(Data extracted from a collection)
(* Let $\Omega\subseteq\mathbb{R}^n$ be open and let $f\in\mathbb{A}(\Omega)$. Then: (i) for every dense subset $D$ of $\Omega$ the function $F(D,\Omega,f)$ is S-continuous; (ii) the function $G(f)=[I(S(I(f))),S(I(S(f)))]$ is D-continuous; (iii) both functions $F(S(I(f)))$ and $F(I(S(f)))$ are H-continuous and $F(S(I(f)))\le F(I(S(f)))$.
   Context: $\overline{\mathbb{R}}=\mathbb{R}\cup\{\pm\infty\}$ and $\mathbb{I}\overline{\mathbb{R}}=\{[\underline a,\overline a]:\underline a,\overline a\in\overline{\mathbb{R}},\ \underline a\le\overline a\}$, with $a\in\overline{\mathbb{R}}$ identified with $[a,a]$; extended-real-valued functions are thus regarded as interval functions. $\mathbb{A}(\Omega)$ is the set of all functions $f:\Omega\to\mathbb{I}\overline{\mathbb{R}}$, written $f=[\underline f,\overline f]$. $B_\delta(x)=\{y\in\Omega:\|x-y\|<\delta\}$. For a dense subset $D\subseteq\Omega$ and $f\in\mathbb{A}(D)$ define $I(D,\Omega,f)(x)=\sup_{\delta>0}\inf\{z\in f(y):y\in B_\delta(x)\cap D\}$, $S(D,\Omega,f)(x)=\inf_{\delta>0}\sup\{z\in f(y):y\in B_\delta(x)\cap D\}$, and $F(D,\Omega,f)(x)=[I(D,\Omega,f)(x),S(D,\Omega,f)(x)]$; when $D=\Omega$ write $I(f),S(f),F(f)$ (for $f\in\mathbb{A}(\Omega)$, $F(D,\Omega,f)$ uses the restriction of $f$ to $D$). The order on intervals is $[\underline a,\overline a]\le[\underline b,\overline b]$ iff $\underline a\le\underline b$ and $\overline a\le\overline b$, and $f\le g$ means $f(x)\le g(x)$ for all $x\in\Omega$. A function $f\in\mathbb{A}(\Omega)$ is S-continuous if $F(f)=f$; D-continuous if $F(D,\Omega,f)=f$ for every dense subset $D$ of $\Omega$; H-continuous if for every $g\in\mathbb{A}(\Omega)$ with $g(x)\subseteq f(x)$ for all $x$ one has $F(g)=f$. *)

theory Defs
  imports "HOL-Analysis.Analysis"
begin

text \<open>Intervals [a,b] of extended reals are represented as pairs (a,b) with a \<le> b.
  An interval function on \<Omega> is a map into ereal \<times> ereal; only its values on \<Omega> matter.\<close>

definition IA :: "'a::real_normed_vector set \<Rightarrow> ('a \<Rightarrow> ereal \<times> ereal) set" where
  "IA \<Omega> = {f. \<forall>x\<in>\<Omega>. fst (f x) \<le> snd (f x)}"

definition Bd :: "'a::real_normed_vector set \<Rightarrow> real \<Rightarrow> 'a \<Rightarrow> 'a set" where
  "Bd \<Omega> \<delta> x = {y\<in>\<Omega>. norm (x - y) < \<delta>}"

definition dense_subset :: "'a::real_normed_vector set \<Rightarrow> 'a set \<Rightarrow> bool" where
  "dense_subset D \<Omega> \<longleftrightarrow> D \<subseteq> \<Omega> \<and> \<Omega> \<subseteq> closure D"

definition Ilow :: "'a::real_normed_vector set \<Rightarrow> 'a set \<Rightarrow> ('a \<Rightarrow> ereal \<times> ereal) \<Rightarrow> 'a \<Rightarrow> ereal" where
  "Ilow D \<Omega> f x = (SUP \<delta>\<in>{0<..}. Inf {z. \<exists>y\<in>Bd \<Omega> \<delta> x \<inter> D. fst (f y) \<le> z \<and> z \<le> snd (f y)})"

definition Supp :: "'a::real_normed_vector set \<Rightarrow> 'a set \<Rightarrow> ('a \<Rightarrow> ereal \<times> ereal) \<Rightarrow> 'a \<Rightarrow> ereal" where
  "Supp D \<Omega> f x = (INF \<delta>\<in>{0<..}. Sup {z. \<exists>y\<in>Bd \<Omega> \<delta> x \<inter> D. fst (f y) \<le> z \<and> z \<le> snd (f y)})"

definition Fenv :: "'a::real_normed_vector set \<Rightarrow> 'a set \<Rightarrow> ('a \<Rightarrow> ereal \<times> ereal) \<Rightarrow> 'a \<Rightarrow> ereal \<times> ereal" where
  "Fenv D \<Omega> f x = (Ilow D \<Omega> f x, Supp D \<Omega> f x)"

definition deg :: "('a \<Rightarrow> ereal) \<Rightarrow> 'a \<Rightarrow> ereal \<times> ereal" where
  "deg g = (\<lambda>x. (g x, g x))"

definition ile :: "'a set \<Rightarrow> ('a \<Rightarrow> ereal \<times> ereal) \<Rightarrow> ('a \<Rightarrow> ereal \<times> ereal) \<Rightarrow> bool" where
  "ile \<Omega> f g \<longleftrightarrow> (\<forall>x\<in>\<Omega>. fst (f x) \<le> fst (g x) \<and> snd (f x) \<le> snd (g x))"

definition S_continuous :: "'a::real_normed_vector set \<Rightarrow> ('a \<Rightarrow> ereal \<times> ereal) \<Rightarrow> bool" where
  "S_continuous \<Omega> f \<longleftrightarrow> f \<in> IA \<Omega> \<and> (\<forall>x\<in>\<Omega>. Fenv \<Omega> \<Omega> f x = f x)"

definition D_continuous :: "'a::real_normed_vector set \<Rightarrow> ('a \<Rightarrow> ereal \<times> ereal) \<Rightarrow> bool" where
  "D_continuous \<Omega> f \<longleftrightarrow> f \<in> IA \<Omega> \<and>
     (\<forall>D. dense_subset D \<Omega> \<longrightarrow> (\<forall>x\<in>\<Omega>. Fenv D \<Omega> f x = f x))"

definition H_continuous :: "'a::real_normed_vector set \<Rightarrow> ('a \<Rightarrow> ereal \<times> ereal) \<Rightarrow> bool" where
  "H_continuous \<Omega> f \<longleftrightarrow> f \<in> IA \<Omega> \<and>
     (\<forall>g\<in>IA \<Omega>. (\<forall>x\<in>\<Omega>. fst (f x) \<le> fst (g x) \<and> snd (g x) \<le> snd (f x))
        \<longrightarrow> (\<forall>x\<in>\<Omega>. Fenv \<Omega> \<Omega> g x = f x))"

end

theory Submission
  imports Defs
begin

text \<open>For an extended-real function \<open>g\<close> write \<open>I\<^sub>D g\<close> and \<open>S\<^sub>D g\<close> for its lower and upper
  envelopes along \<open>D\<close>; then \<open>F(D,\<Omega>,f) = [I\<^sub>D f\<^sub>1, S\<^sub>D f\<^sub>2]\<close> for \<open>f = [f\<^sub>1, f\<^sub>2]\<close>, so everything
  reduces to these scalar operators. \<open>I = I\<^sub>\<Omega>\<close> is monotone, \<open>I g \<le> g\<close> and \<open>I \<circ> I\<^sub>D = I\<^sub>D\<close> on \<open>\<Omega>\<close>,
  and \<open>S g = - I (- g)\<close>. This gives (i), and by pure order reasoning \<open>S I S I = S I\<close> and
  \<open>I S I S = I S\<close>, which force \<open>F(g) = F(h)\<close> for every \<open>g\<close> squeezed between \<open>I h\<close> and \<open>S h\<close>
  when \<open>h = S I f\<^sub>1\<close> or \<open>h = I S f\<^sub>2\<close> (iii). The one topological input, needed for (ii), is
  that along a dense \<open>D\<close> the lower envelope of an upper semicontinuous \<open>\<psi>\<close> is \<open>I \<psi>\<close>: near
  every \<open>z\<close> some point of \<open>D\<close> has \<open>\<psi>\<close>-value not much above \<open>\<psi> z\<close>.\<close>

definition lower_env :: "'a::real_normed_vector set \<Rightarrow> 'a set \<Rightarrow> ('a \<Rightarrow> ereal) \<Rightarrow> 'a \<Rightarrow> ereal" where
  "lower_env D \<Omega> g x = (SUP \<delta>\<in>{0<..}. INF y\<in>Bd \<Omega> \<delta> x \<inter> D. g y)"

## Aim of the task
Every line above from the line with "text \<open>For an" to the line with "when \<open>h = S", both included, must be reproduced exactly, and no other line may appear.

## Solution to the problem
text \<open>For an extended-real function \<open>g\<close> write \<open>I\<^sub>D g\<close> and \<open>S\<^sub>D g\<close> for its lower and upper
  envelopes along \<open>D\<close>; then \<open>F(D,\<Omega>,f) = [I\<^sub>D f\<^sub>1, S\<^sub>D f\<^sub>2]\<close> for \<open>f = [f\<^sub>1, f\<^sub>2]\<close>, so everything
  reduces to these scalar operators. \<open>I = I\<^sub>\<Omega>\<close> is monotone, \<open>I g \<le> g\<close> and \<open>I \<circ> I\<^sub>D = I\<^sub>D\<close> on \<open>\<Omega>\<close>,
  and \<open>S g = - I (- g)\<close>. This gives (i), and by pure order reasoning \<open>S I S I = S I\<close> and
  \<open>I S I S = I S\<close>, which force \<open>F(g) = F(h)\<close> for every \<open>g\<close> squeezed between \<open>I h\<close> and \<open>S h\<close>
  when \<open>h = S I f\<^sub>1\<close> or \<open>h = I S f\<^sub>2\<close> (iii). The one topological input, needed for (ii), is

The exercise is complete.